TASK INSTRUCTIONS:
Which of the lines in the data mention the string "component"? List them all.

SOURCE MATERIAL:
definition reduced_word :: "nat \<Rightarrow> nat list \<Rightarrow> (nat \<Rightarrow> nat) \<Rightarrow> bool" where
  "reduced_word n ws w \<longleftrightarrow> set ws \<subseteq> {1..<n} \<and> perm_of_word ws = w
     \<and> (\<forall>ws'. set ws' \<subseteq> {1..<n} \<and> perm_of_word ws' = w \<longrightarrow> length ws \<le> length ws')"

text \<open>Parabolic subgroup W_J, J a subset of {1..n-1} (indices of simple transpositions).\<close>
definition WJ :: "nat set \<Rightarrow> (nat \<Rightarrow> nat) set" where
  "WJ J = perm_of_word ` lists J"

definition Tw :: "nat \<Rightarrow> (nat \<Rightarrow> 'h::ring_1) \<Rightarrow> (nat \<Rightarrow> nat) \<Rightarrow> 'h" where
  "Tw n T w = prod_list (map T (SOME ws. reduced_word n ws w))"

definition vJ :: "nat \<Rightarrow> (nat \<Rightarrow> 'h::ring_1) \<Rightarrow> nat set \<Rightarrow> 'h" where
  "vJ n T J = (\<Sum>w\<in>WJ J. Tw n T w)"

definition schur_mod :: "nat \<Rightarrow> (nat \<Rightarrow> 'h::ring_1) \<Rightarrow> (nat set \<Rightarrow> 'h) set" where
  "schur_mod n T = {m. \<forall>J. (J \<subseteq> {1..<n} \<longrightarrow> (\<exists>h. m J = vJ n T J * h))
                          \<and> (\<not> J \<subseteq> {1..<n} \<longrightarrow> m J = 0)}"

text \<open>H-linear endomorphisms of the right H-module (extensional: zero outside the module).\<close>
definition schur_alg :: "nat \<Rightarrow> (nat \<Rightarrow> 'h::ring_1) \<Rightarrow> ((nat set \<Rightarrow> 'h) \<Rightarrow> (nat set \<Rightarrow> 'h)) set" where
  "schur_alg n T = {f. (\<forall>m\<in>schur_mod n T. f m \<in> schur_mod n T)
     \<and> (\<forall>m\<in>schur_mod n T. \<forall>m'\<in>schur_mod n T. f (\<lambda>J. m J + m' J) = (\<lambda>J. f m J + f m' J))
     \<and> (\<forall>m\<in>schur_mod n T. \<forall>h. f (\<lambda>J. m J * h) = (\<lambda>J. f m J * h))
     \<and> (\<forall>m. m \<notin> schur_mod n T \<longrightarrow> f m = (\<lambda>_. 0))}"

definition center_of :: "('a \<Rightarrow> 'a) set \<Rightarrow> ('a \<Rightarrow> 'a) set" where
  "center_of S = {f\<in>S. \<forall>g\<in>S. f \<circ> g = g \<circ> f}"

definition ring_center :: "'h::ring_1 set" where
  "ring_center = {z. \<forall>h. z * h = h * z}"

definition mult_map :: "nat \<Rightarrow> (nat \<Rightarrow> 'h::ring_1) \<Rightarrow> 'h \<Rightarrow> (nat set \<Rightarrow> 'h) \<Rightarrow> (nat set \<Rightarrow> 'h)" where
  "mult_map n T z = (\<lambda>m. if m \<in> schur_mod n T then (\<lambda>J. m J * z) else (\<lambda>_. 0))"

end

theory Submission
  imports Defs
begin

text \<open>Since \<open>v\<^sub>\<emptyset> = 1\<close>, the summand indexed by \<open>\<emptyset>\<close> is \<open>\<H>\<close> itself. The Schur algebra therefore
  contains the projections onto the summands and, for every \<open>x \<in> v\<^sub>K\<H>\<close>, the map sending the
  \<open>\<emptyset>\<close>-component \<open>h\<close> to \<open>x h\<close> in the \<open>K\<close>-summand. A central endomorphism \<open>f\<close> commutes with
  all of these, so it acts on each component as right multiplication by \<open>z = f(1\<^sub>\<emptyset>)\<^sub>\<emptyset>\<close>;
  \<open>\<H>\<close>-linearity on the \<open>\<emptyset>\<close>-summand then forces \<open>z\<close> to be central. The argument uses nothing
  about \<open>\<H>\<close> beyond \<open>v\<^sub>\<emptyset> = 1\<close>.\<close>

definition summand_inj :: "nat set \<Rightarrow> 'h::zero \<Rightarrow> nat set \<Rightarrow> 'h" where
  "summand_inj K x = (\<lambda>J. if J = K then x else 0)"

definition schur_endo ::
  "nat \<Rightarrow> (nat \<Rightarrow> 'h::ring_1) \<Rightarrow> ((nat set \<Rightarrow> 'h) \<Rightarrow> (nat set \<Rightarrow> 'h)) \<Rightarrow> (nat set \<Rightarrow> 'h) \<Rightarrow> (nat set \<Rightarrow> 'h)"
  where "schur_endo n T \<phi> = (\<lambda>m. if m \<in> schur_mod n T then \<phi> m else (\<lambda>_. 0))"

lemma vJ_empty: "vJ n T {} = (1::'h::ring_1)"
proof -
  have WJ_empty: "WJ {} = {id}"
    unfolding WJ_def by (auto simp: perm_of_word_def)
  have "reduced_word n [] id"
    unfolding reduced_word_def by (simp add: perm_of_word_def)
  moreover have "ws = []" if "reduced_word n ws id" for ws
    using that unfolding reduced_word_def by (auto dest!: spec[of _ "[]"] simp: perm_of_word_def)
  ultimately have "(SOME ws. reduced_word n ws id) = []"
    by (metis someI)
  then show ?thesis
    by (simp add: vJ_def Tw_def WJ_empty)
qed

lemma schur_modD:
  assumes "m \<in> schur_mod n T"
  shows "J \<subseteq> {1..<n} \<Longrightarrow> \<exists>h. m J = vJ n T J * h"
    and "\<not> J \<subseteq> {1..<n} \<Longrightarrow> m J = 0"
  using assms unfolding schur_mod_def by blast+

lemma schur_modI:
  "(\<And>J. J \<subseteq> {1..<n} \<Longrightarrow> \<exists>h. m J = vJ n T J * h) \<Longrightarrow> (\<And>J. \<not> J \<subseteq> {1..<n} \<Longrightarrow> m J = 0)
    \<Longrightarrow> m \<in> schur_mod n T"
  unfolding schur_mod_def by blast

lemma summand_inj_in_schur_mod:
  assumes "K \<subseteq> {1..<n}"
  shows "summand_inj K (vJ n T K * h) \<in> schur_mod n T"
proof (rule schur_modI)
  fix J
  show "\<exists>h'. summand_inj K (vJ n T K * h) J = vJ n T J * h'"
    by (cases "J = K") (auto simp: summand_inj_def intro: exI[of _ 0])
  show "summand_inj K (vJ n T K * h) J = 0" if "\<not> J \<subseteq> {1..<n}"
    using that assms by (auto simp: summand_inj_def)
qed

PROBLEM SOLUTION:
  \<open>\<emptyset>\<close>-component \<open>h\<close> to \<open>x h\<close> in the \<open>K\<close>-summand. A central endomorphism \<open>f\<close> commutes with
  all of these, so it acts on each component as right multiplication by \<open>z = f(1\<^sub>\<emptyset>)\<^sub>\<emptyset>\<close>;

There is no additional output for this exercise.